Database::Migrator - A system for implementing database migrations

VERSION ^

version 0.07

DESCRIPTION ^

This distribution consists of a single role, Database::Migrator::Core. This role can be consumed by classes which implement the required methods for the role. These classes will then implement a complete database schema creation and migration system.

MIGRATION ARCHITECTURE ^

The migration system starts with a file containing the DDL (database description language) for the full database schema. If the database doesn't yet exist, the database will be created and this DDL will be run against it.

This DDL file should not contain any sort of CREATE DATABASE statement. This will be done separately before the DDL is run.

This DDL file may contain DDL to create users and grant them access to the database.

Once the database exists, the migrations are run against the database.

Each migration goes into its own directory. The directory name is the name of the migration. Migrations are applied in sorted order. If the migrations start with numbers, they are sorted by these numbers, otherwise they are sorted alphabetically.

The migration directory can either contain files with SQL or Perl. If a file ends in ".sql", the migration runner code will feed it the `mysql` command line utility.

Otherwise the file is assumed to contain Perl code. This code is expected to return a single anonymous subroutine when evaled. This subroutine will then be called with the Database::Migrator object as its only argument.

Each file in a single migration's directory is run in sorted order. You can use numeric prefixes on these files if necessary.

Once a migration has been applied, that fact is stored in the database, and the migration will not be applied again. This is done by recording the migration's name in a table. The name of the table is determined by your code. I recommend something like AppliedMigration or applied_migrations, depending on your table naming scheme.

Migration Example

Let's assume a set of files like this:

  migrations/
   |
   |-- 01-add-foo-data/
   |     \
   |      \-- 01-create-foo-table.sql
   |      |
   |      |-- 02-insert-foo-data.pl
   |
   |-- 02-add-bar-table/
        \
         \-- add-bar-table.sql

The 01-add-foo-data/01-create-foo-table.sql file might look like this:

  CREATE TABLE Foo (
    foo_id       INT   PRIMARY KEY AUTO_INCREMENT,
    size         INT   NOT NULL,
    description  TEXT  NOT NULL
  );

The 01-add-foo-data/02-insert-foo-data.pl file might contain this:

  sub {
      use Text::CSV_XS;

      my $migrator = shift;

      my $csv = Text::CSV_XS->new( ... );
      my $fh = IO::File->new( ... );

      my $sql = q[INSERT INTO Foo (size, description) VALUES (?, ?)];
      my $sth = $migrator->dbh()->prepare()

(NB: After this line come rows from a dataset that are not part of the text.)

(* Let $M\ge3$, $\phi\in\mathrm{Hyp}^M$, $K\ge1$, $\mu\ge1$, and let $\tau_1,\tau_2$ be caps of side length $\mu^{1/2}K^{-1}$ with centers $z_1^c,z_2^c\in\Sigma$. Suppose that $$|t^1_{z_2^c}(z_1^c,z_2^c)|\ge 50\mu^{1/2}K^{-1}\quad\text{and}\quad |t^2_{z_2^c}(z_1^c,z_2^c)|\ge50\mu^{1/2}K^{-1}.$$ Then $$|\Gamma_z(z_1,z_2,z_1',z_2')|\ge 4\mu K^{-2}\qquad\text{for all } z_1,z_1'\in\tau_1,\ z,z_2,z_2'\in\tau_2.$$
   Context: $\Sigma:=[-1,1]^2$, $2\Sigma:=[-2,2]^2$. $\mathrm{Hyp}^M$ ($M\ge3$) is the set of $\phi\in C^M(\Sigma)$ extending to a $C^M$ function on $2\Sigma$ with $\phi(0)=0$, $\nabla\phi(0)=0$, $D^2\phi(0)=\begin{pmatrix}0&1\\1&0\end{pmatrix}$, and $\sup_{2\Sigma}|\partial_x^a\partial_y^b\phi|\le10^{-5}$ for $3\le a+b\le M$. A cap of side length $s$ with center $z^c$ is the closed axis-parallel square of side length $s$ centered at $z^c$, intersected with $\Sigma$. Set $H:=\phi_{xy}^2-\phi_{xx}\phi_{yy}$, $A:=\frac{\phi_{yy}}{\phi_{xy}+\sqrt H}$, $B:=\frac{\phi_{xx}}{\phi_{xy}+\sqrt H}$; $t^1_z(z_1,z_2):=\phi_x(z_2)-\phi_x(z_1)-B(z)(\phi_y(z_2)-\phi_y(z_1))$, $t^2_z(z_1,z_2):=\phi_y(z_2)-\phi_y(z_1)-A(z)(\phi_x(z_2)-\phi_x(z_1))$, and $\Gamma_z(z_1,z_2,z_1',z_2'):=\langle (D^2\phi(z))^{-1}(\nabla\phi(z_2)-\nabla\phi(z_1)),\nabla\phi(z_2')-\nabla\phi(z_1')\rangle$. *)

theory Defs
  imports "HOL-Analysis.Analysis"
begin

definition Sigma1 :: "(real \<times> real) set" where
  "Sigma1 = {-1..1} \<times> {-1..1}"

definition Sigma2 :: "(real \<times> real) set" where
  "Sigma2 = {-2..2} \<times> {-2..2}"
(* Let $\mathcal{C}_1,\dots,\mathcal{C}_D\subseteq\mathbb{F}_q^n$ be linear codes and $M\subseteq[n]^D$. Then $M$ is inner-generated for the code $\mathcal{C}_1\boxplus\cdots\boxplus\mathcal{C}_D$ if and only if $M$ is extendable in $\mathcal{C}_1^\perp\otimes\cdots\otimes\mathcal{C}_D^\perp$.
   Context: For $n,D\in\mathbb{N}$ and $i\in[D]$, $\mathcal{L}_i$ is the set of lines in $[n]^D$ parallel to the $i$-th axis (sets $A_1\times\cdots\times A_D$ with $A_i=[n]$, $|A_j|=1$ for $j\ne i$), and $\mathcal{L}=\bigcup_i\mathcal{L}_i$; a line in $\mathcal{L}_i$ is identified with $[n]$ via the $i$-th coordinate. For codes $\mathcal{B}_1,\dots,\mathcal{B}_D\subseteq\mathbb{F}_q^n$, the product code is $\mathcal{B}_1\otimes\cdots\otimes\mathcal{B}_D=\{c\in\mathbb{F}_q^{[n]^D}: c|_\ell\in\mathcal{B}_i\ \forall i\in[D],\ \forall \ell\in\mathcal{L}_i\}$; $\mathcal{B}^{(i)}=\{c: c|_\ell\in\mathcal{B}_i\ \forall\ell\in\mathcal{L}_i\}$ and $\mathcal{B}_1\boxplus\cdots\boxplus\mathcal{B}_D=\sum_i\mathcal{B}^{(i)}$. For $\ell\in\mathcal{L}_i$ let $\mathcal{B}_\ell=\{c\in\mathbb{F}_q^{[n]^D}:\operatorname{supp}c\subseteq\ell,\ c|_\ell\in\mathcal{B}_i\}$. For $M\subseteq[n]^D$, $L(M)=\{\ell\in\mathcal{L}:\ell\subseteq M\}$. $M$ is inner-generated for $\mathcal{B}_1\boxplus\cdots\boxplus\mathcal{B}_D$ if every codeword $c$ of this code with $\operatorname{supp}c\subseteq M$ lies in $\sum_{\ell\in L(M)}\mathcal{B}_\ell$. $M$ is extendable for $\mathcal{B}_1\otimes\cdots\otimes\mathcal{B}_D$ if every $c_M\in\mathbb{F}_q^M$ with $c_M|_\ell\in\mathcal{B}_i$ for all $i\in[D]$ and $\ell\in L(M)\cap\mathcal{L}_i$ extends to some $c\in\mathcal{B}_1\otimes\cdots\otimes\mathcal{B}_D$ with $c|_M=c_M$. $\mathcal{C}^\perp$ is the dual code. *)

theory Defs
  imports Main "HOL-Library.Function_Algebras"
begin

text \<open>Conventions: the coordinate set [n] is a finite type 'n (n = CARD('n)),
  the direction set [D] is a finite type 'd (D = CARD('d)), points of [n]^D are
  functions 'd \<Rightarrow> 'n, words in F_q^{[n]^D} are functions ('d \<Rightarrow> 'n) \<Rightarrow> 'f,
  and words in F_q^n are functions 'n \<Rightarrow> 'f.\<close>

definition lin_code :: "('n \<Rightarrow> 'f::field) set \<Rightarrow> bool" where
  "lin_code C \<longleftrightarrow> (\<lambda>_. 0) \<in> C \<and> (\<forall>x\<in>C. \<forall>y\<in>C. (\<lambda>t. x t + y t) \<in> C)
     \<and> (\<forall>a. \<forall>x\<in>C. (\<lambda>t. a * x t) \<in> C)"

definition dual_code :: "('n::finite \<Rightarrow> 'f::field) set \<Rightarrow> ('n \<Rightarrow> 'f) set" where
  "dual_code C = {v. \<forall>c\<in>C. (\<Sum>t\<in>UNIV. v t * c t) = 0}"

definition line :: "'d \<Rightarrow> ('d \<Rightarrow> 'n) \<Rightarrow> ('d \<Rightarrow> 'n) set" where
  "line i x = {y. \<forall>j. j \<noteq> i \<longrightarrow> y j = x j}"

definition lines :: "'d \<Rightarrow> ('d \<Rightarrow> 'n) set set" where
  "lines i = range (line i)"

definition restr :: "(('d \<Rightarrow> 'n) \<Rightarrow> 'f) \<Rightarrow> 'd \<Rightarrow> ('d \<Rightarrow> 'n) \<Rightarrow> ('n \<Rightarrow> 'f)" where
  "restr c i x = (\<lambda>t. c (x(i := t)))"

definition prod_code :: "('d \<Rightarrow> ('n \<Rightarrow> 'f) set) \<Rightarrow> (('d \<Rightarrow> 'n) \<Rightarrow> 'f) set" where
  "prod_code C = {c. \<forall>i. \<forall>L\<in>lines i. \<forall>x\<in>L. restr c i x \<in> C i}"

definition dir_code :: "('d \<Rightarrow> ('n \<Rightarrow> 'f) set) \<Rightarrow> 'd \<Rightarrow> (('d \<Rightarrow> 'n) \<Rightarrow> 'f) set" where
  "dir_code C i = {c. \<forall>L\<in>lines i. \<forall>x\<in>L. restr c i x \<in> C i}"

definition boxplus_code ::
  "('d::finite \<Rightarrow> ('n \<Rightarrow> 'f::field) set) \<Rightarrow> (('d \<Rightarrow> 'n) \<Rightarrow> 'f) set" where
  "boxplus_code C = {(\<Sum>i\<in>UNIV. f i) | f. \<forall>i. f i \<in> dir_code C i}"

definition line_code ::
  "('d \<Rightarrow> ('n \<Rightarrow> 'f::zero) set) \<Rightarrow> 'd \<Rightarrow> ('d \<Rightarrow> 'n) set \<Rightarrow> (('d \<Rightarrow> 'n) \<Rightarrow> 'f) set" where
  "line_code C i L = {c. (\<forall>y. y \<notin> L \<longrightarrow> c y = 0) \<and> (\<forall>x\<in>L. restr c i x \<in> C i)}"

definition lines_in :: "('d \<Rightarrow> 'n) set \<Rightarrow> ('d \<times> ('d \<Rightarrow> 'n) set) set" where
  "lines_in M = {(i, L). L \<in> lines i \<and> L \<subseteq> M}"

definition inner_span ::
  "('d::finite \<Rightarrow> ('n::finite \<Rightarrow> 'f::field) set) \<Rightarrow> ('d \<Rightarrow> 'n) set \<Rightarrow> (('d \<Rightarrow> 'n) \<Rightarrow> 'f) set" where
  "inner_span C M = {(\<Sum>p\<in>lines_in M. g p) | g. \<forall>p\<in>lines_in M. g p \<in> line_code C (fst p) (snd p)}"

definition inner_generated ::
  "('d::finite \<Rightarrow> ('n::finite \<Rightarrow> 'f::field) set) \<Rightarrow> ('d \<Rightarrow> 'n) set \<Rightarrow> bool" where
  "inner_generated C M \<longleftrightarrow>
     (\<forall>c\<in>boxplus_code C. {y. c y \<noteq> 0} \<subseteq> M \<longrightarrow> c \<in> inner_span C M)"

text \<open>A partial word c_M on M is represented by a total function whose values outside M
  are irrelevant.\<close>
definition extendable ::
  "('d::finite \<Rightarrow> ('n::finite \<Rightarrow> 'f::field) set) \<Rightarrow> ('d \<Rightarrow> 'n) set \<Rightarrow> bool" where
  "extendable C M \<longleftrightarrow>
     (\<forall>cM :: ('d \<Rightarrow> 'n) \<Rightarrow> 'f.
        (\<forall>(i, L)\<in>lines_in M. \<forall>x\<in>L. restr cM i x \<in> C i) \<longrightarrow>
        (\<exists>c\<in>prod_code C. \<forall>y\<in>M. c y = cM y))"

      while ( my $foo = $csv->getline_hr($fh) ) {
          $sth->execute( $foo->{size}, $foo->{description} );
      }

      $sth->finish();
  }

The 02-add-bar-table/add-bar-table.sql file would contain DDL to create the Bar table.

HOW TO USE THIS DISTRIBUTION ^

This distribution is not intended to be used all by itself. Instead, you will need to start with a DBMS-specific implementation like Database::Migrator::mysql.

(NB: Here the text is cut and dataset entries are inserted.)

lemma conj_one_left [simp]: "x \<in> carrier G \<Longrightarrow> conj G \<one> x = x"
  by (simp add: conj_def)

lemma conj_one_right [simp]: "x \<in> carrier G \<Longrightarrow> conj G x \<one> = \<one>"
  by (simp add: conj_def)

lemma conj_distrib:
  "x \<in> carrier G \<Longrightarrow> y \<in> carrier G \<Longrightarrow> z \<in> carrier G \<Longrightarrow>
    conj G x (y \<otimes> z) = conj G x y \<otimes> conj G x z"
  by (simp add: conj_def m_assoc)

lemma conj_conj_distrib:
  "x \<in> carrier G \<Longrightarrow> y \<in> carrier G \<Longrightarrow> z \<in> carrier G \<Longrightarrow>
    conj G (conj G x y) (conj G x z) = conj G x (conj G y z)"
  by (simp add: conj_def m_assoc inv_mult_group)

lemma conj_inv_conj [simp]:
  "x \<in> carrier G \<Longrightarrow> y \<in> carrier G \<Longrightarrow> conj G x (conj G (inv x) y) = y"
  by (simp add: conj_def m_assoc)

lemma conj_eq_comm_mult: "x \<in> carrier G \<Longrightarrow> y \<in> carrier G \<Longrightarrow> conj G x y = comm G x y \<otimes> y"
  by (simp add: comm_def conj_def m_assoc)

lemma comm_eq_one_iff:
  "x \<in> carrier G \<Longrightarrow> y \<in> carrier G \<Longrightarrow> comm G x y = \<one> \<longleftrightarrow> x \<otimes> y = y \<otimes> x"
  unfolding comm_def by (metis inv_closed inv_solve_right' m_closed one_closed l_one)

lemma comm_mult_left:
  "u \<in> carrier G \<Longrightarrow> v \<in> carrier G \<Longrightarrow> z \<in> carrier G \<Longrightarrow>
    comm G (u \<otimes> v) z = conj G u (comm G v z) \<otimes> comm G u z"
  by (simp add: comm_def conj_def m_assoc inv_mult_group)

lemma comm_comm_eq_one_of_central:
  assumes z: "z \<in> carrier G"
    and central: "\<And>u w. u \<in> carrier G \<Longrightarrow> w \<in> carrier G \<Longrightarrow> w \<otimes> comm G u z = comm G u z \<otimes> w"
    and g: "g \<in> carrier G" and h: "h \<in> carrier G"
  shows "comm G (comm G g h) z = \<one>"
proof -
  let ?f = "\<lambda>u. comm G u z"
  have "?f \<in> hom G G"
  proof (rule homI)
    fix u v assume u: "u \<in> carrier G" and v: "v \<in> carrier G"
    have "conj G u (?f v) = ?f v"
      using central[OF v u] u v z by (simp add: conj_def m_assoc)
    then show "?f (u \<otimes> v) = ?f u \<otimes> ?f v"
      using u v z central[OF v, of "?f u"] by (simp add: comm_mult_left)
  qed (simp add: z)
  then interpret f: group_hom G G ?f
    by (simp add: group_hom_def group_hom_axioms_def is_group)
  have "?f (comm G g h) = comm G (?f g) (?f h)"
    using g h z unfolding comm_def [of G g h] comm_def [of G "?f g" "?f h"]
    by (simp add: f.hom_inv)
  also have "\<dots> = \<one>"
    using g h z central[OF h, of "?f g"] by (simp add: comm_eq_one_iff)
  finally show ?thesis .
qed

section \<open>The lower central series\<close>

lemma lcs_normal: "lcs G i \<lhd> G"
proof (induction i)
  case 0
  then show ?case by (simp add: normal_self)
next
  case (Suc i)
  then have sub: "lcs G i \<subseteq> carrier G"
    using normal_imp_subgroup subgroup.subset by blast
  show ?case
    unfolding lcs.simps
  proof (rule normal_generateI)
    show "{comm G x y |x y. x \<in> carrier G \<and> y \<in> lcs G i} \<subseteq> carrier G"
      using sub by auto
  next
    fix c g assume "c \<in> {comm G x y |x y. x \<in> carrier G \<and> y \<in> lcs G i}" and g: "g \<in> carrier G"
    then obtain x y where c: "c = comm G x y" and x: "x \<in> carrier G" and y: "y \<in> lcs G i"
      by blast
    have "g \<otimes> c \<otimes> inv g = comm G (conj G g x) (conj G g y)"
      using x y sub g unfolding c comm_def conj_def by (auto simp: m_assoc inv_mult_group)
    moreover have "conj G g y \<in> lcs G i"
      using Suc y g unfolding conj_def by (simp add: normal_inv_iff)
    ultimately show "g \<otimes> c \<otimes> inv g \<in> {comm G x y |x y. x \<in> carrier G \<and> y \<in> lcs G i}"
      using x g conj_closed by blast
  qed
qed

lemma lcs_subset: "lcs G i \<subseteq> carrier G"
  using lcs_normal normal_imp_subgroup subgroup.subset by blast

lemma comm_in_lcs_Suc: "x \<in> carrier G \<Longrightarrow> y \<in> lcs G i \<Longrightarrow> comm G x y \<in> lcs G (Suc i)"
  by (auto intro: generate.incl)

lemma comm_commutator_in_lcs:
  assumes z: "z \<in> lcs G i" and g: "g \<in> carrier G" and h: "h \<in> carrier G"
  shows "comm G (comm G g h) z \<in> lcs G (Suc (Suc i))"
proof -
  define N where "N = lcs G (Suc (Suc i))"
  interpret N: normal N G
    unfolding N_def by (rule lcs_normal)
  interpret Q: group "G Mod N"
    by (rule N.factorgroup_is_group)
  let ?p = "\<lambda>a. N #> a"
  interpret p: group_hom G "G Mod N" ?p
    by unfold_locales (rule N.r_coset_hom_Mod)
  have zc: "z \<in> carrier G"
    using z lcs_subset by auto
  have p_comm: "?p (comm G x y) = comm (G Mod N) (?p x) (?p y)"
    if "x \<in> carrier G" "y \<in> carrier G" for x y
    using that unfolding comm_def by simp
  have p_eq_N_iff: "?p x = N \<longleftrightarrow> x \<in> N" if "x \<in> carrier G" for x
    using that N.rcos_const[OF is_group] rcos_self[OF that N.subgroup_axioms] by auto
  (* In G Mod N every commutator [u, z] is central. *)
  have "comm (G Mod N) (comm (G Mod N) (?p g) (?p h)) (?p z) = \<one>\<^bsub>G Mod N\<^esub>"
  proof (rule Q.comm_comm_eq_one_of_central)
    fix U W assume U: "U \<in> carrier (G Mod N)" and W: "W \<in> carrier (G Mod N)"
    then obtain u w where u: "u \<in> carrier G" "U = ?p u" and w: "w \<in> carrier G" "W = ?p w"
      unfolding FactGroup_def RCOSETS_def by auto
    have "comm G w (comm G u z) \<in> N"
      unfolding N_def using u w z by (intro comm_in_lcs_Suc) auto
    then have "comm (G Mod N) W (comm (G Mod N) U (?p z)) = \<one>\<^bsub>G Mod N\<^esub>"
      using u w zc by (simp add: p_comm[symmetric] p_eq_N_iff)
    then show "W \<otimes>\<^bsub>G Mod N\<^esub> comm (G Mod N) U (?p z) = comm (G Mod N) U (?p z) \<otimes>\<^bsub>G Mod N\<^esub> W"
      by (rule Q.comm_eq_one_iff [OF W Q.comm_closed [OF U p.hom_closed [OF zc]], THEN iffD1])
  qed (intro p.hom_closed g h zc)+
  then have "?p (comm G (comm G g h) z) = N"
    using g h zc by (simp add: p_comm)
  then show ?thesis
    using g h zc p_eq_N_iff unfolding N_def by simp
qed

end

section \<open>A collection formula\<close>

lemma square_eq_two_choose_two: "n * n = 2 * (n choose 2) + (n::nat)"
  by (induction n) (simp_all add: numeral_2_eq_2 algebra_simps)

context group
begin

lemma nat_pow_nat_pow_commute:
  "a \<in> carrier G \<Longrightarrow> b \<in> carrier G \<Longrightarrow> a \<otimes> b = b \<otimes> a \<Longrightarrow>
    a [^] (k::nat) \<otimes> b [^] (m::nat) = b [^] m \<otimes> a [^] k"
  by (metis group_commutes_pow nat_pow_closed)

lemma nat_pow_swap_central:
  assumes a: "a \<in> carrier G" and b: "b \<in> carrier G" and c: "c \<in> carrier G"
    and ba: "b \<otimes> a = c \<otimes> a \<otimes> b" and ac: "a \<otimes> c = c \<otimes> a" and bc: "b \<otimes> c = c \<otimes> b"
  shows "b [^] (k::nat) \<otimes> a [^] (m::nat) = c [^] (k * m) \<otimes> a [^] m \<otimes> b [^] k"
proof -
  have b_am: "b \<otimes> a [^] m = c [^] m \<otimes> a [^] m \<otimes> b" for m :: nat
  proof (induction m)
    case (Suc m)
    have "b \<otimes> a [^] Suc m = c [^] m \<otimes> a [^] m \<otimes> (c \<otimes> a \<otimes> b)"
      using Suc a b c by (simp add: m_assoc [symmetric] ba [symmetric])
    also have "\<dots> = c [^] Suc m \<otimes> a [^] Suc m \<otimes> b"
      using a b c m_left_commute [OF _ c _ group_commutes_pow [OF ac a c, of m]]
      by (simp add: m_assoc)
    finally show ?case .
  qed (simp add: b)
  show ?thesis
  proof (induction k)
    case (Suc k)
    have "b [^] Suc k \<otimes> a [^] m = b [^] k \<otimes> (c [^] m \<otimes> a [^] m \<otimes> b)"
      using a b by (simp add: m_assoc b_am)
    also have "\<dots> = c [^] m \<otimes> (b [^] k \<otimes> a [^] m) \<otimes> b"
      using a b c m_left_commute [OF _ _ _ nat_pow_nat_pow_commute [OF b c bc, of k m]]
      by (simp add: m_assoc)
    also have "\<dots> = c [^] (Suc k * m) \<otimes> a [^] m \<otimes> b [^] Suc k"
      using a b c Suc by (simp add: m_assoc [symmetric] nat_pow_mult)
    finally show ?case .
  qed (simp add: a)
qed

lemma nat_pow_swap_collect:
  assumes x: "x \<in> carrier G" and y: "y \<in> carrier G" and P: "P \<in> carrier G" and R: "R \<in> carrier G"
    and yx: "y \<otimes> x = R \<otimes> x \<otimes> y" and yR: "y \<otimes> R = P \<otimes> R \<otimes> y"
    and RP: "R \<otimes> P = P \<otimes> R" and yP: "y \<otimes> P = P \<otimes> y"
  shows "y [^] k \<otimes> x = P [^] (k choose 2) \<otimes> R [^] k \<otimes> x \<otimes> y [^] k"
proof (induction k)
  case (Suc k)
  have "y [^] Suc k \<otimes> x = y [^] k \<otimes> R [^] (1::nat) \<otimes> x \<otimes> y"
    using x y R by (simp add: m_assoc yx)
  also have "\<dots> = P [^] k \<otimes> R \<otimes> (y [^] k \<otimes> x) \<otimes> y"
    using x y P R nat_pow_swap_central [OF R y P yR RP yP, of k 1] by (simp add: m_assoc)
  also have "\<dots> = P [^] k \<otimes> (R \<otimes> P [^] (k choose 2)) \<otimes> R [^] k \<otimes> x \<otimes> y [^] Suc k"
    using x y P R Suc by (simp add: m_assoc)
  also have "\<dots> = P [^] k \<otimes> P [^] (k choose 2) \<otimes> (R \<otimes> R [^] k) \<otimes> x \<otimes> y [^] Suc k"
    using x y P R group_commutes_pow [OF RP [symmetric] P R, of "k choose 2"]
    by (simp add: m_assoc m_left_commute [OF R, of "P [^] (k choose 2)"])
  also have "\<dots> = P [^] (Suc k choose 2) \<otimes> R [^] Suc k \<otimes> x \<otimes> y [^] Suc k"
    using P R by (simp add: nat_pow_mult numeral_2_eq_2 group_commutes_pow [OF refl R R])
  finally show ?case .
qed (use x y P R in \<open>simp add: numeral_2_eq_2\<close>)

To actually run migrations, you either need to create an command line script or subclass an implementation (or both).

The Database::Migrator::Core role consumes the MooseX::Getopt::Dashes role, making it easy to create a command line script for migrations:

  #!/usr/bin/env perl

  use strict;
  use warnings;

  use Database::Migrator::mysql;

  Database::Migrator::mysql->new_with_options()->create_or_update_database();

However, all by itself, this will require quite a few command line options to be passed. You can simplify this by subclassing the implementation class and providing defaults for things like the migration directory and migration table.

See the Database::Migrator::Core documentation for more details on what attributes you can provide defaults for.

THE APPLIED MIGRATION TABLE ^

The fact that a migration has been applied is recorded in a table in the database.

If you are creating a new schema from scratch, you can include this table. It should contain a single text column as its primary key. This column must be named "migration".

The DDL to create this table might look like this:

  CREATE TABLE AppliedMigration (
      migration  TEXT  PRIMARY KEY
  );

Bootstrapping This Table

If you are migrating an existing schema to use this migration system, you will need to add this table to the schema. This can be done using the migration system itself. If the schema already exists but the table does not exist, it assumes that no migrations have been applied.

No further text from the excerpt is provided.